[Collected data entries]
+++++
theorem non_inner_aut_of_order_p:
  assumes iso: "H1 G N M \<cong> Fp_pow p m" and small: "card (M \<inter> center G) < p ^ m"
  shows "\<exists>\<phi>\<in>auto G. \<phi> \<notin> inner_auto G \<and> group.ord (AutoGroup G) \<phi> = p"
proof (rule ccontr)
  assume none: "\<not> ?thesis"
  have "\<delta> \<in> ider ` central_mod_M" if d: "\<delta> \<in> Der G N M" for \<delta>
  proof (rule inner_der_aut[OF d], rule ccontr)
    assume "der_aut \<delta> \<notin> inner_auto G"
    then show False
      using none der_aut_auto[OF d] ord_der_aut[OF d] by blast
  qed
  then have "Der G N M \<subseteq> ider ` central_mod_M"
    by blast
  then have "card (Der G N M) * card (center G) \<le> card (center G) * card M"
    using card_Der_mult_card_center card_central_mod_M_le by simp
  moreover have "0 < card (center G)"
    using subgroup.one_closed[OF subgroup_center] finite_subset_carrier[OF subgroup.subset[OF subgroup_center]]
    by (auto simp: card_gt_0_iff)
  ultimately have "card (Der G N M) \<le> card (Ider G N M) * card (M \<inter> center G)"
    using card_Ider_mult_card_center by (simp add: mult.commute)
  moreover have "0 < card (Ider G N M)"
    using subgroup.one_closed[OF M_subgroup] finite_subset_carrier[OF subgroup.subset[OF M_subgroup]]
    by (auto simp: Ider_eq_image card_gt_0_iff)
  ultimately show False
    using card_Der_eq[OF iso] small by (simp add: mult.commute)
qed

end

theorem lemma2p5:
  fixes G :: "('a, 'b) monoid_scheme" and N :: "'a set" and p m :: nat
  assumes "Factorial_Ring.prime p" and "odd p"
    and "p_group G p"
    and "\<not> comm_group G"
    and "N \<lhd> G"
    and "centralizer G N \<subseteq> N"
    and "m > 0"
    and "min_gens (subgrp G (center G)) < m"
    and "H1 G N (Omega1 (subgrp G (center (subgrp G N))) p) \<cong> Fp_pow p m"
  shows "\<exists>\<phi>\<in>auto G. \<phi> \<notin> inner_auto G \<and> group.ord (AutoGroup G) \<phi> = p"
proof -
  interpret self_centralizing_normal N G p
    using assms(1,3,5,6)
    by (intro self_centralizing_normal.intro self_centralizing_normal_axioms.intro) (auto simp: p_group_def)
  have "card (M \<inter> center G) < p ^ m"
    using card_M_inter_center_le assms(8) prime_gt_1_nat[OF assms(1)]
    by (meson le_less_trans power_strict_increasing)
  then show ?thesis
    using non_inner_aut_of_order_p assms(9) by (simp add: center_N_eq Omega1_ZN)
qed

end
+++++
• ASSIGNMENT
Give back all of the data above without any alteration.

• EXERCISE SOLUTION
theorem non_inner_aut_of_order_p:
  assumes iso: "H1 G N M \<cong> Fp_pow p m" and small: "card (M \<inter> center G) < p ^ m"
  shows "\<exists>\<phi>\<in>auto G. \<phi> \<notin> inner_auto G \<and> group.ord (AutoGroup G) \<phi> = p"
proof (rule ccontr)
  assume none: "\<not> ?thesis"
  have "\<delta> \<in> ider ` central_mod_M" if d: "\<delta> \<in> Der G N M" for \<delta>
  proof (rule inner_der_aut[OF d], rule ccontr)
    assume "der_aut \<delta> \<notin> inner_auto G"
    then show False
      using none der_aut_auto[OF d] ord_der_aut[OF d] by blast
  qed
  then have "Der G N M \<subseteq> ider ` central_mod_M"
    by blast
  then have "card (Der G N M) * card (center G) \<le> card (center G) * card M"
    using card_Der_mult_card_center card_central_mod_M_le by simp
  moreover have "0 < card (center G)"
    using subgroup.one_closed[OF subgroup_center] finite_subset_carrier[OF subgroup.subset[OF subgroup_center]]
    by (auto simp: card_gt_0_iff)
  ultimately have "card (Der G N M) \<le> card (Ider G N M) * card (M \<inter> center G)"
    using card_Ider_mult_card_center by (simp add: mult.commute)
  moreover have "0 < card (Ider G N M)"
    using subgroup.one_closed[OF M_subgroup] finite_subset_carrier[OF subgroup.subset[OF M_subgroup]]
    by (auto simp: Ider_eq_image card_gt_0_iff)
  ultimately show False
    using card_Der_eq[OF iso] small by (simp add: mult.commute)
qed

end

theorem lemma2p5:
  fixes G :: "('a, 'b) monoid_scheme" and N :: "'a set" and p m :: nat
  assumes "Factorial_Ring.prime p" and "odd p"
    and "p_group G p"
    and "\<not> comm_group G"
    and "N \<lhd> G"
    and "centralizer G N \<subseteq> N"
    and "m > 0"
    and "min_gens (subgrp G (center G)) < m"
    and "H1 G N (Omega1 (subgrp G (center (subgrp G N))) p) \<cong> Fp_pow p m"
  shows "\<exists>\<phi>\<in>auto G. \<phi> \<notin> inner_auto G \<and> group.ord (AutoGroup G) \<phi> = p"
proof -
  interpret self_centralizing_normal N G p
    using assms(1,3,5,6)
    by (intro self_centralizing_normal.intro self_centralizing_normal_axioms.intro) (auto simp: p_group_def)
  have "card (M \<inter> center G) < p ^ m"
    using card_M_inter_center_le assms(8) prime_gt_1_nat[OF assms(1)]
    by (meson le_less_trans power_strict_increasing)
  then show ?thesis
    using non_inner_aut_of_order_p assms(9) by (simp add: center_N_eq Omega1_ZN)
qed

end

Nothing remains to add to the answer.